First, it will deepen yet further Israelis' state of fear. For more than two years Israelis have lived with the daily possibility of violent and random death within their own borders. Every parent worries that the bus carrying their child could blow to pieces; a trip to the mall could be a deathtrap; a pizzeria could be a minefield. That constant fear has seeped into the marrow of the society. Nothing is normal.
But Israelis always had one way to escape the fear. A holiday outside the country could be the valve that releases the pressure. Home may not have been safe, but abroad could be.
Now Israelis have lost even that comfort. Now they will believe that nowhere is safe. They will be hunted down wherever they are, targeted for the crime of being Israeli. That is the message of yesterday's attack: Israelis cannot live at home, they cannot live in the world.
Some will think that an overreaction. After all, Australians were the target of October's Bali bomb - yet surely few Aussies now feel themselves in a state of siege. That's true, but it misses two important differences. Australians are not under constant attack in their own country. Nor are they a people with a long, collective history of persecution.
Which is why Kenya's psychological impact will not be felt by Israelis alone. It will fuel a growing mood of alarm spreading across the Jewish world: the sense that Jews are being hounded in a way unseen for more than half a century.
Many Jews will see Mombasa as confirmation that Osama bin Laden's words are to be taken at face value. That when he repeatedly declares a "jihad against Jews and crusaders", he means it. And he puts Jews first for a reason: because he regards them - not Israelis or Zionists, but Jews - as enemy number one. Al-Qaida's April attack on an ancient Tunisian synagogue, which left 16 dead, was an early proof. Yesterday was another.
Politically, there are two likely impacts. First, Kenya will, like all terror attacks, prompt Israelis to close ranks. They will unite behind their prime minister, Ariel Sharon, who last night looked set to cruise to re-election as Likud leader. When terror strikes, Israelis accept the Sharon view that the only proper response is crushing force.
So the fledgling campaign of Labour challenger Amram Mitzna - arguing that a peace process, not military might, is the only long-term answer - will now struggle to get a hearing. What is there to talk about with maniacs prepared to blow 261 passengers out of the sky?
Sharon and much of the Israeli consensus will see a second vindication in Mombasa. Ever since September 11, Israeli leaders - and their allies among the US hawks - have argued that Israel's struggle with the Palestinians is merely one front in the wider war on terror. "Arafat is our bin Laden" is the slogan.
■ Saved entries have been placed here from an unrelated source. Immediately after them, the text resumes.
lemma VX_da_bound:
  assumes "3 \<le> n"
  shows "\<bar>VX_da n - 5 * real n / 108\<bar> \<le> 3"
proof -
  define y where "y = (- 1 / 2 :: real) ^ n"
  define z where "z = real n * y"
  define w where "w = (1 / 4 :: real) ^ n"
  have abs_y: "\<bar>y\<bar> = 1 / 2 ^ n"
    by (simp add: y_def power_abs power_divide)
  have "real n \<le> 2 ^ n"
    using less_exp[of n] by (metis less_imp_le of_nat_le_iff of_nat_numeral of_nat_power)
  then have "\<bar>z\<bar> \<le> 1"
    by (simp add: z_def abs_y abs_mult)
  moreover have "\<bar>y\<bar> \<le> 1 / 8"
    using power_increasing[OF assms, of "2 :: real"] by (simp add: abs_y)
  moreover have "0 \<le> w" "w \<le> 1"
    by (simp_all add: w_def power_le_one)
  moreover have "VX_da n - 5 * real n / 108 = 2 / 81 + 40 / 27 * z - 424 / 81 * y - 64 / 81 * w"
    unfolding VX_da_closed_form[OF assms] y_def[symmetric] w_def[symmetric] z_def
    by (simp add: algebra_simps)
  ultimately show ?thesis
    unfolding abs_le_iff by linarith
qed

section \<open>A perturbed linear recurrence\<close>

lemma two_step_decay:
  fixes r :: "nat \<Rightarrow> real"
  assumes nonneg: "\<And>k. 0 \<le> r k"
    and rec: "\<And>k. r (k + 2) \<le> a * r (k + 1) + b * r k + R"
    and "0 \<le> a" "0 \<le> b" "a + b \<le> 9 / 16" "0 \<le> R"
  shows "r k \<le> (r 0 + 2 * r 1) * (3 / 4) ^ k + 3 * R"
proof (induction k rule: less_induct)
  case (less k)
  define K where "K = r 0 + 2 * r 1"
  have "0 \<le> K"
    unfolding K_def using nonneg[of 0] nonneg[of 1] by simp
  show ?case
  proof (cases "k < 2")
    case True
    then consider "k = 0" | "k = 1" by linarith
    then show ?thesis
    proof cases
      case 1
      then show ?thesis
        using nonneg[of 1] \<open>0 \<le> R\<close> by simp
    next
      case 2
      then show ?thesis
        using nonneg[of 0] nonneg[of 1] \<open>0 \<le> R\<close> by (simp add: algebra_simps)
    qed
  next
    case False
    then obtain j where j: "k = j + 2"
      by (metis add.commute le_Suc_ex not_less)
    define X where "X = K * (3 / 4) ^ j"
    have "0 \<le> X"
      unfolding X_def using \<open>0 \<le> K\<close> by simp
    have IH: "r (j + 1) \<le> X * (3 / 4) + 3 * R" "r j \<le> X + 3 * R"
      using less.IH[of "j + 1"] less.IH[of j] unfolding j X_def K_def by simp_all
    have "r k \<le> a * r (j + 1) + b * r j + R"
      using rec[of j] j by simp
    also have "\<dots> \<le> a * (X * (3 / 4) + 3 * R) + b * (X + 3 * R) + R"
      using IH assms by (intro add_mono mult_left_mono) auto
    also have "\<dots> = X * (a * (3 / 4) + b) + 3 * R * (a + b) + R"
      by (simp add: algebra_simps)
    also have "\<dots> \<le> X * (9 / 16) + 3 * R * (9 / 16) + R"
      using \<open>0 \<le> X\<close> assms by (intro add_mono mult_left_mono) auto
    also have "\<dots> \<le> K * (3 / 4) ^ k + 3 * R"
      using \<open>0 \<le> R\<close> unfolding X_def j by (simp add: power_add)
    finally show ?thesis
      unfolding K_def .
  qed
qed

lemma two_step_decay_sum:
  fixes r :: "nat \<Rightarrow> real"
  assumes "\<And>k. 0 \<le> r k"
    and "\<And>k. r (k + 2) \<le> a * r (k + 1) + b * r k + R"
    and "0 \<le> a" "0 \<le> b" "a + b \<le> 9 / 16" "0 \<le> R"
  shows "(\<Sum>k<n. r k) \<le> 4 * (r 0 + 2 * r 1) + 3 * real n * R"
proof -
  have "(\<Sum>k<n. (3 / 4 :: real) ^ k) \<le> 4"
    by (simp add: sum_gp_strict)
  then have "(r 0 + 2 * r 1) * (\<Sum>k<n. (3 / 4) ^ k) \<le> (r 0 + 2 * r 1) * 4"
    using assms(1)[of 0] assms(1)[of 1] by (intro mult_left_mono) auto
  moreover have "(\<Sum>k<n. r k) \<le> (\<Sum>k<n. (r 0 + 2 * r 1) * (3 / 4) ^ k + 3 * R)"
    by (intro sum_mono two_step_decay[OF assms])
  moreover have "(\<Sum>k<n. (r 0 + 2 * r 1) * (3 / 4) ^ k + 3 * R)
      = (r 0 + 2 * r 1) * (\<Sum>k<n. (3 / 4) ^ k) + 3 * real n * R"
    by (simp add: sum.distrib sum_distrib_left)
  ultimately show ?thesis
    by (simp add: mult.commute)
qed

lemma norm_telescope_power:
  fixes p :: "nat \<Rightarrow> 'a::real_normed_div_algebra"
  assumes "norm z \<le> 1"
  shows "norm (p (m + 1) - z ^ m * p 1) \<le> (\<Sum>k<m. norm (p (k + 2) - z * p (k + 1)))"
proof (induction m)
  case (Suc m)
  have "p (Suc m + 1) - z ^ Suc m * p 1 = (p (m + 2) - z * p (m + 1)) + z * (p (m + 1) - z ^ m * p 1)"
    by (simp add: algebra_simps)
  then have "norm (p (Suc m + 1) - z ^ Suc m * p 1)
      \<le> norm (p (m + 2) - z * p (m + 1)) + norm z * norm (p (m + 1) - z ^ m * p 1)"
    by (metis norm_mult norm_triangle_ineq)
  also have "\<dots> \<le> norm (p (m + 2) - z * p (m + 1)) + norm (p (m + 1) - z ^ m * p 1)"
    using assms by (simp add: mult_left_le_one_le)
  finally show ?case
    using Suc.IH by simp
qed simp

text \<open>Writing \<open>x\<^sup>3 - x\<^sup>2/2 - x/2 + \<epsilon>/4 = (x - z) (x\<^sup>2 + (z - 1/2) x + (z - 1) (z + 1/2)) + G\<close>,
  the differences \<open>p (k + 2) - z p (k + 1)\<close> satisfy a second order recurrence whose coefficients
  are small for \<open>z\<close> near \<open>1\<close> and which is driven by \<open>G\<close>.\<close>

lemma cubic_recurrence_approx:
  fixes p :: "nat \<Rightarrow> complex"
  assumes rec: "\<And>n. p (n + 3) = p (n + 2) / 2 + p (n + 1) / 2 - \<epsilon> * p n / 4"
    and bounded: "\<And>n. norm (p n) \<le> 1"
    and "norm z \<le> 1" and "norm (z - 1) \<le> 1 / 48"
  shows "norm (p (n + 1) - z ^ n * p 1)
    \<le> 4 * (norm (p 2 - z * p 1) + 2 * norm (p 3 - z * p 2))
       + 3 * real n * norm (z ^ 3 - z ^ 2 / 2 - z / 2 + \<epsilon> / 4)"
proof -
  define G where "G = z ^ 3 - z ^ 2 / 2 - z / 2 + \<epsilon> / 4"
  define q where "q k = p (k + 2) - z * p (k + 1)" for k
  define \<alpha> where "\<alpha> = z - 1 / 2"
  define \<beta> where "\<beta> = (z - 1) * (z + 1 / 2)"
  have q_rec: "q (k + 2) = - \<alpha> * q (k + 1) - \<beta> * q k - G * p (k + 1)" for k
  proof -
    have "p (Suc (Suc (Suc (Suc k))))
        = p (Suc (Suc (Suc k))) / 2 + p (Suc (Suc k)) / 2 - \<epsilon> * p (Suc k) / 4"
      using rec[of "k + 1"] by (simp add: eval_nat_numeral)
    then show ?thesis
      unfolding q_def \<alpha>_def \<beta>_def G_def
      by (simp add: eval_nat_numeral) (simp add: field_simps power2_eq_square power3_eq_cube)
  qed
  define r where "r k = norm (q k)" for k
  have r_rec: "r (k + 2) \<le> norm \<alpha> * r (k + 1) + norm \<beta> * r k + norm G" for k
  proof -
    have "r (k + 2) \<le> norm (\<alpha> * q (k + 1)) + norm (\<beta> * q k) + norm (G * p (k + 1))"
      unfolding r_def q_rec
      using norm_triangle_ineq4[of "- \<alpha> * q (k + 1) - \<beta> * q k" "G * p (k + 1)"]
        norm_triangle_ineq4[of "- \<alpha> * q (k + 1)" "\<beta> * q k"]
      by simp
    also have "\<dots> \<le> norm \<alpha> * r (k + 1) + norm \<beta> * r k + norm G"
      using bounded[of "k + 1"] unfolding r_def norm_mult
      by (intro add_mono mult_left_le) auto
    finally show ?thesis .
  qed
  have "norm \<alpha> \<le> 1 / 2 + norm (z - 1)"
    using norm_triangle_ineq[of "z - 1" "1 / 2"] by (simp add: \<alpha>_def)
  moreover have "norm \<beta> \<le> norm (z - 1) * (3 / 2)"
  proof -
    have "norm (z + 1 / 2) \<le> 3 / 2"
      using norm_triangle_ineq[of z "1 / 2"] \<open>norm z \<le> 1\<close> by simp
    then show ?thesis
      unfolding \<beta>_def norm_mult by (intro mult_left_mono) auto
  qed
  ultimately have "norm \<alpha> + norm \<beta> \<le> 9 / 16"
    using \<open>norm (z - 1) \<le> 1 / 48\<close> by linarith
  then have "(\<Sum>k<n. r k) \<le> 4 * (r 0 + 2 * r 1) + 3 * real n * norm G"
    by (intro two_step_decay_sum[OF _ r_rec]) (auto simp: r_def)
  have "norm (p (n + 1) - z ^ n * p 1) \<le> (\<Sum>k<n. r k)"
    unfolding r_def q_def by (rule norm_telescope_power[OF \<open>norm z \<le> 1\<close>])
  also have "\<dots> \<le> 4 * (r 0 + 2 * r 1) + 3 * real n * norm G"
    by fact
  also have "r 0 = norm (p 2 - z * p 1)"
    by (simp add: r_def q_def eval_nat_numeral)
  also have "r 1 = norm (p 3 - z * p 2)"
    by (simp add: r_def q_def eval_nat_numeral)
  finally show ?thesis
    unfolding G_def by (simp add: algebra_simps)
qed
The desire to link the two is not hard to fathom. If these are the same fight, then Israel has the same right to hit at the "terror camps" of the West Bank as America had to strike at Afghanistan. And why negotiate with Palestinians if they are merely a local branch of al-Qaida? No one expects George Bush to make concessions to Bin Laden, so why should Sharon to Arafat?
As of yesterday, that argument will gain ground. Overtly now, the al-Qaida and Palestinian campaigns have been fused. As an Israeli government statement declared yesterday: "Whether in New York or Washington, Bali or Moscow, Mombasa or Bet She'an, terrorism is indivisible, and all attempts to understand it will only serve to ensure its continuation."
Kenya adds weight to the hawkish view that Israel faces a murderous enemy with whom there can be no reasoning; there is no point talking peace, because this is not a local, soluble struggle over real estate but a global, metaphysical "clash of civilisations". That is the view of the right, in Jerusalem and Washington and, not for the first time, the terrorists have just served as the hawks' star witness.